Qwen3.6-27B-MTP — ROCmFP4 STRIX (imatrix + f16 embeddings)

Experimental AMD Strix Halo (gfx1151) quant of Qwen3.6-27B (dense, with the built-in MTP / next-token-prediction head) in the custom ROCmFP4 4-bit format — tuned for high MTP draft acceptance and long-context, multi-turn coding use.

⚠️ Ignore HuggingFace's auto-detected quant badge ("F16" / 16-bit) — it's wrong. HF's parser only knows the standard GGUF quant types, so it can't read the custom ROCmFP4 format. It ends up "seeing" only the genuinely-f16 token embeddings and mislabels the whole file as 16-bit. These are ~4.8 bpw 4-bit ROCmFP4 files, not 16-bit. Pick a file by its name in the Files and versions tab (see the two-files table below).
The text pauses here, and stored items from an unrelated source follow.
(* Let $X$ be a shift space, $Y$ an irreducible shift space, and $\phi : X \to Y$ a code. Then any two of the following conditions imply the third: (1) $\phi$ is open; (2) $\phi$ is constant-to-one; (3) $\phi$ is bi-closing.
   Context: Shift spaces are closed shift-invariant subsets of $\mathcal{A}^{\mathbb{Z}}$ ($\mathcal{A}$ finite); a code is a continuous shift-commuting map. $Y$ is irreducible if for all words $u,v$ occurring in $Y$ there is a word $w$ with $uwv$ occurring in $Y$. Open: images of open sets are open. Constant-to-one: every fiber $\phi^{-1}(y)$ is finite and $|\phi^{-1}(y)|$ does not depend on $y\in Y$. With metric $d(x,\bar x)=2^{-k}$, $k$ maximal with $x_{[-k,k]}=\bar x_{[-k,k]}$, points are left (resp. right) asymptotic if $d(\sigma^{-n}x,\sigma^{-n}\bar x)\to0$ (resp. $d(\sigma^{n}x,\sigma^{n}\bar x)\to0$). $\phi$ is right closing if it never identifies two distinct left asymptotic points, left closing if it never identifies two distinct right asymptotic points, bi-closing if both. *)

theory Defs
  imports Main
begin

text \<open>Points of the full shift over a finite alphabet 'a are maps int => 'a.
  Two points are within distance 2^(-k) (metric of the paper) iff they agree on [-k,k].\<close>

definition agree :: "nat \<Rightarrow> (int \<Rightarrow> 'a) \<Rightarrow> (int \<Rightarrow> 'a) \<Rightarrow> bool" where
  "agree k x y \<longleftrightarrow> (\<forall>i. - int k \<le> i \<and> i \<le> int k \<longrightarrow> x i = y i)"

definition shiftn :: "int \<Rightarrow> (int \<Rightarrow> 'a) \<Rightarrow> (int \<Rightarrow> 'a)" where
  "shiftn n x = (\<lambda>i. x (i + n))"

abbreviation shift :: "(int \<Rightarrow> 'a) \<Rightarrow> (int \<Rightarrow> 'a)" where
  "shift \<equiv> shiftn 1"

definition shift_closed :: "(int \<Rightarrow> 'a) set \<Rightarrow> bool" where
  "shift_closed X \<longleftrightarrow> (\<forall>x. (\<forall>k. \<exists>x'\<in>X. agree k x x') \<longrightarrow> x \<in> X)"

definition shift_space :: "(int \<Rightarrow> 'a::finite) set \<Rightarrow> bool" where
  "shift_space X \<longleftrightarrow> shift_closed X \<and> shift ` X = X"

definition occurs :: "'a list \<Rightarrow> (int \<Rightarrow> 'a) set \<Rightarrow> bool" where
  "occurs w Y \<longleftrightarrow> (\<exists>y\<in>Y. \<exists>i. \<forall>j<length w. y (i + int j) = w ! j)"

definition irreducible_shift :: "(int \<Rightarrow> 'a) set \<Rightarrow> bool" where
  "irreducible_shift Y \<longleftrightarrow>
     (\<forall>u v. occurs u Y \<and> occurs v Y \<longrightarrow> (\<exists>w. occurs (u @ w @ v) Y))"

definition shift_open_in :: "(int \<Rightarrow> 'a) set \<Rightarrow> (int \<Rightarrow> 'a) set \<Rightarrow> bool" where
  "shift_open_in X U \<longleftrightarrow> U \<subseteq> X \<and> (\<forall>x\<in>U. \<exists>k. \<forall>x'\<in>X. agree k x x' \<longrightarrow> x' \<in> U)"

definition shift_continuous_on :: "(int \<Rightarrow> 'a) set \<Rightarrow> ((int \<Rightarrow> 'a) \<Rightarrow> (int \<Rightarrow> 'b)) \<Rightarrow> bool" where
  "shift_continuous_on X \<phi> \<longleftrightarrow>
     (\<forall>x\<in>X. \<forall>k. \<exists>m. \<forall>x'\<in>X. agree m x x' \<longrightarrow> agree k (\<phi> x) (\<phi> x'))"

definition is_code ::
  "(int \<Rightarrow> 'a) set \<Rightarrow> (int \<Rightarrow> 'b) set \<Rightarrow> ((int \<Rightarrow> 'a) \<Rightarrow> (int \<Rightarrow> 'b)) \<Rightarrow> bool" where
  "is_code X Y \<phi> \<longleftrightarrow> \<phi> ` X \<subseteq> Y \<and> shift_continuous_on X \<phi> \<and>
     (\<forall>x\<in>X. \<phi> (shift x) = shift (\<phi> x))"

definition open_code ::
  "(int \<Rightarrow> 'a) set \<Rightarrow> (int \<Rightarrow> 'b) set \<Rightarrow> ((int \<Rightarrow> 'a) \<Rightarrow> (int \<Rightarrow> 'b)) \<Rightarrow> bool" where
  "open_code X Y \<phi> \<longleftrightarrow> (\<forall>U. shift_open_in X U \<longrightarrow> shift_open_in Y (\<phi> ` U))"

definition constant_to_one ::
  "(int \<Rightarrow> 'a) set \<Rightarrow> (int \<Rightarrow> 'b) set \<Rightarrow> ((int \<Rightarrow> 'a) \<Rightarrow> (int \<Rightarrow> 'b)) \<Rightarrow> bool" where
  "constant_to_one X Y \<phi> \<longleftrightarrow>
     (\<exists>n. \<forall>y\<in>Y. finite {x\<in>X. \<phi> x = y} \<and> card {x\<in>X. \<phi> x = y} = n)"

definition left_asymptotic :: "(int \<Rightarrow> 'a) \<Rightarrow> (int \<Rightarrow> 'a) \<Rightarrow> bool" where
  "left_asymptotic x x' \<longleftrightarrow>
     (\<forall>k. \<exists>N. \<forall>n\<ge>N. agree k (shiftn (- int n) x) (shiftn (- int n) x'))"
Requires the ROCmFP4 fork (public) — not stock llama.cpp

This file uses the ROCmFP4 tensor types (q4_0_rocmfp4, q4_0_rocmfp4_fast). Stock llama.cpp, LM Studio, Ollama, Jan, koboldcpp, etc. cannot load it. Build and run it with the public fork charlie12345/rocmfp4-llama:

git clone https://github.com/charlie12345/rocmfp4-llama
cd rocmfp4-llama && git checkout mtp-rocmfp4-strix
env JOBS=16 scripts/build-strix-rocmfp4-mtp.sh

Two files in this repo (pick your trade-off)

File size output head best for
…-STRIX-imatrix-embF16.gguf 16.5 GB ROCmFP4 4-bit fastest — the original daily driver
…-STRIX-imatrix-embF16-headQ6.gguf 16.9 GB Q6_K a notch more faithful — trades ~5–7% decode for it

The two are identical except one tensor: same STRIX recipe, same f16 embeddings, same imatrix, same MTP head — they differ only in the output head (output.weight). Most of this card describes that shared recipe; the section right below is just about the one change.

The Q6-head variant — a step up (experimental)

The f16-embeddings note further down is the change I felt the most: full-precision token embeddings made the model follow instructions noticeably better. This variant does the same thing to the other end of the model — the output head that turns the final hidden state into the next-token choice — raising it from the 4-bit ROCmFP4 format to standard Q6_K, and leaving everything else untouched.

What I observed: a further step up in instruction-following — beyond what the f16 embeddings already gave. Subjectively it's more consistent at actually doing what it's told: reaching for the specific tool I asked for, and sticking to the rules/format of a task, more reliably than the f16-embeddings build alone. The embedding is the input side; the output head is the output side — sharpening both beats sharpening either.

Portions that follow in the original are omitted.